Cinco livros exploram a insônia e a arte de aceitar a noite em lançamentos de 2026
A insônia, descrita por Shakespeare como 'a suave enfermeira da natureza', é tema central em obras recentes que abordam a dificuldade de dormir e a busca por significado nas horas insones. Enquanto alguns autores propõem viagens ou transformações radicais, outros defendem a aceitação do cotidiano como forma de transcendência. Confira cinco lançamentos que mergulham nesse universo.
A insônia como destino: entre a aceitação e a transcendência
Em 'Hovel', romance de estreia da autora, a protagonista adota uma abordagem distinta de obras como 'Eat Pray Love', de Elizabeth Gilbert. Enquanto Gilbert buscou reinvenção em viagens internacionais, a narradora de 'Hovel' opta por aceitar sua vida no local onde já está, explorando pequenos rituais — como tentar cheirar como um cachorro ou urinar na floresta — para encontrar significado nas noites insones.

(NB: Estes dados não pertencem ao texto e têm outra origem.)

lemma involution_eigenvectors_span:
  fixes M :: "real^'n^'n"
  assumes "M ** M = mat 1"
  shows "span ({x. M *v x = x} \<union> {x. M *v x = - x}) = UNIV"
proof -
  have "x \<in> span ({x. M *v x = x} \<union> {x. M *v x = - x})" for x
  proof -
    have MMx: "M *v (M *v x) = x" by (simp add: matrix_vector_mul_assoc assms)
    have "(1/2) *\<^sub>R (x + M *v x) \<in> {x. M *v x = x}"
      by (simp add: algebra_simps MMx)
    moreover have "(1/2) *\<^sub>R (x - M *v x) \<in> {x. M *v x = - x}"
      by (simp add: algebra_simps MMx)
    moreover have "x = (1/2) *\<^sub>R (x + M *v x) + (1/2) *\<^sub>R (x - M *v x)"
      by (simp add: algebra_simps flip: scaleR_2)
    ultimately show ?thesis
      by (metis (no_types, lifting) UnCI span_add span_base)
  qed
  then show ?thesis by auto
qed

lemma orthonormal_basis_enumeration:
  fixes B :: "(real^'n) set"
  assumes "pairwise orthogonal B" and "\<And>x. x \<in> B \<Longrightarrow> norm x = 1" and "span B = UNIV"
  obtains f :: "'n \<Rightarrow> real^'n"
  where "range f = B" and "\<And>i j. f i \<bullet> f j = (if i = j then 1 else 0)"
proof -
  have "independent B"
    using assms(1,2) pairwise_orthogonal_independent by force
  then have "finite B" and "card B = CARD('n)"
    using basis_card_eq_dim[of B UNIV] assms(3) by (auto intro: finiteI_independent)
  then obtain f where f: "bij_betw f (UNIV :: 'n set) B"
    by (metis finite_class.finite_UNIV finite_same_card_bij)
  then have inj: "inj f" and range: "range f = B" by (auto simp: bij_betw_def)
  have "f i \<bullet> f j = (if i = j then 1 else 0)" for i j
  proof (cases "i = j")
    case True
    then show ?thesis using assms(2) range by (auto simp: norm_eq_1)
  next
    case False
    then have "f i \<noteq> f j" using inj by (auto dest: injD)
    then show ?thesis
      using False assms(1) range by (auto simp: pairwise_def orthogonal_def)
  qed
  with range that show ?thesis by blast
qed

A inspiração veio de uma crítica de Rachel Cusk ao livro de Gilbert, publicada no *The Guardian*, na qual Cusk questionava a necessidade de fugir da realidade em vez de exercer 'a capacidade de devoção' no presente.
O fascínio pelo extremo: a noite polar como metáfora
Christiane Ritter, escritora austríaca dos anos 1930, oferece um contraponto poético à insônia em suas memórias sobre uma temporada no Ártico. Em Svalbard, onde a escuridão e o frio a mantinham acordada por horas, Ritter encontrou uma espécie de transcendência ao observar a lua de dentro de seu saco de dormir. Sua experiência ilustra como a insônia pode se transformar em uma conexão profunda com o ambiente, mesmo nas condições mais adversas. Essa dualidade — entre o tormento e a beleza das noites sem sono — permeia as obras selecionadas.